What If: A UFO Landed In Your Backyard?
It's two o'clock in the morning and you are startled awake by an unusual sound and can't tell what it is, except that it's coming from downstairs, so you automatically think you're being robbed. As you slink down the stairs you notice strange colourful lights reflecting on the walls emanating from the kitchen window. Something is in your backyard! It must be the police, you think!
You hear a thump and again automatically think it's the police and they've captured a burglar in your backyard. You slowly edge your way closer to the window and to your amazement you see it's not the police at all, in fact you can't believe your eyes. It's a flying saucer and it's sitting right in the middle of your garden. The UFO is the size of your car. A trap door opens and out pop five or six little green men, extraterrestrials, all brandishing laser looking weapons, quacking like ducks. Sound familiar?

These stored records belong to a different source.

text \<open>A small graph G = (m, E) with vertex set {1..m} and edge set E.\<close>
type_synonym sgraph = "nat \<times> nat set set"

definition is_sgraph :: "sgraph \<Rightarrow> bool" where
  "is_sgraph G \<longleftrightarrow> snd G \<subseteq> pairs (fst G)"

definition hom_count :: "sgraph \<Rightarrow> nat \<Rightarrow> nat set set \<Rightarrow> nat" where
  "hom_count G n X = card {\<sigma> \<in> {1..fst G} \<rightarrow>\<^sub>E {1..n}.
      inj_on \<sigma> {1..fst G} \<and> (\<forall>ep\<in>snd G. \<sigma> ` ep \<in> X)}"

definition hom_count_e :: "sgraph \<Rightarrow> nat \<Rightarrow> nat set set \<Rightarrow> nat set \<Rightarrow> nat" where
  "hom_count_e G n X e = card {\<sigma> \<in> {1..fst G} \<rightarrow>\<^sub>E {1..n}.
      inj_on \<sigma> {1..fst G} \<and> (\<forall>ep\<in>snd G. \<sigma> ` ep \<in> X \<union> {e}) \<and> (\<exists>ep\<in>snd G. \<sigma> ` ep = e)}"

text \<open>Hamiltonian H(X) = sum_i beta_i N_{G_i}(X) / n^(|V_i|-2); indices 0-based.\<close>
definition ham :: "sgraph list \<Rightarrow> real list \<Rightarrow> nat \<Rightarrow> nat set set \<Rightarrow> real" where
  "ham Gs \<beta> n X = (\<Sum>i<length Gs. \<beta> ! i * real (hom_count (Gs ! i) n X)
       / (real n powi (int (fst (Gs ! i)) - 2)))"

definition dham :: "sgraph list \<Rightarrow> real list \<Rightarrow> nat \<Rightarrow> nat set set \<Rightarrow> nat set \<Rightarrow> real" where
  "dham Gs \<beta> n X e = ham Gs \<beta> n (X \<union> {e}) - ham Gs \<beta> n (X - {e})"

definition glauber_expect ::
  "sgraph list \<Rightarrow> real list \<Rightarrow> nat \<Rightarrow> nat set set \<Rightarrow> (nat set set \<Rightarrow> real) \<Rightarrow> real" where
  "glauber_expect Gs \<beta> n X f =
     (\<Sum>e'\<in>pairs n. (1 / real (n choose 2)) *
        ((exp (dham Gs \<beta> n X e') / (1 + exp (dham Gs \<beta> n X e'))) * f (X \<union> {e'})
         + (1 - exp (dham Gs \<beta> n X e') / (1 + exp (dham Gs \<beta> n X e'))) * f (X - {e'})))"

definition Psi :: "sgraph list \<Rightarrow> real list \<Rightarrow> real \<Rightarrow> real" where
  "Psi Gs \<beta> p = (\<Sum>i<length Gs. 2 * \<beta> ! i * real (card (snd (Gs ! i)))
       * p ^ (card (snd (Gs ! i)) - 1))"

definition phi :: "sgraph list \<Rightarrow> real list \<Rightarrow> real \<Rightarrow> real" where
  "phi Gs \<beta> p = exp (Psi Gs \<beta> p) / (1 + exp (Psi Gs \<beta> p))"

One of them spots you peeking out the window at them. You can hear him say something in Quack, but of course you can't make it out. He points and they all look at you. A light is flashed in your face, blinding you. You can't hide. The aliens gathered, formed a Vee and are moving towards the house. How are you going to handle the situation?
Would you welcome them in, with open arms and offer them tea as you put the kettle on, or would you run like hell?
I know what I'd do.
Then again, that's a future blog; What If: You had no legs?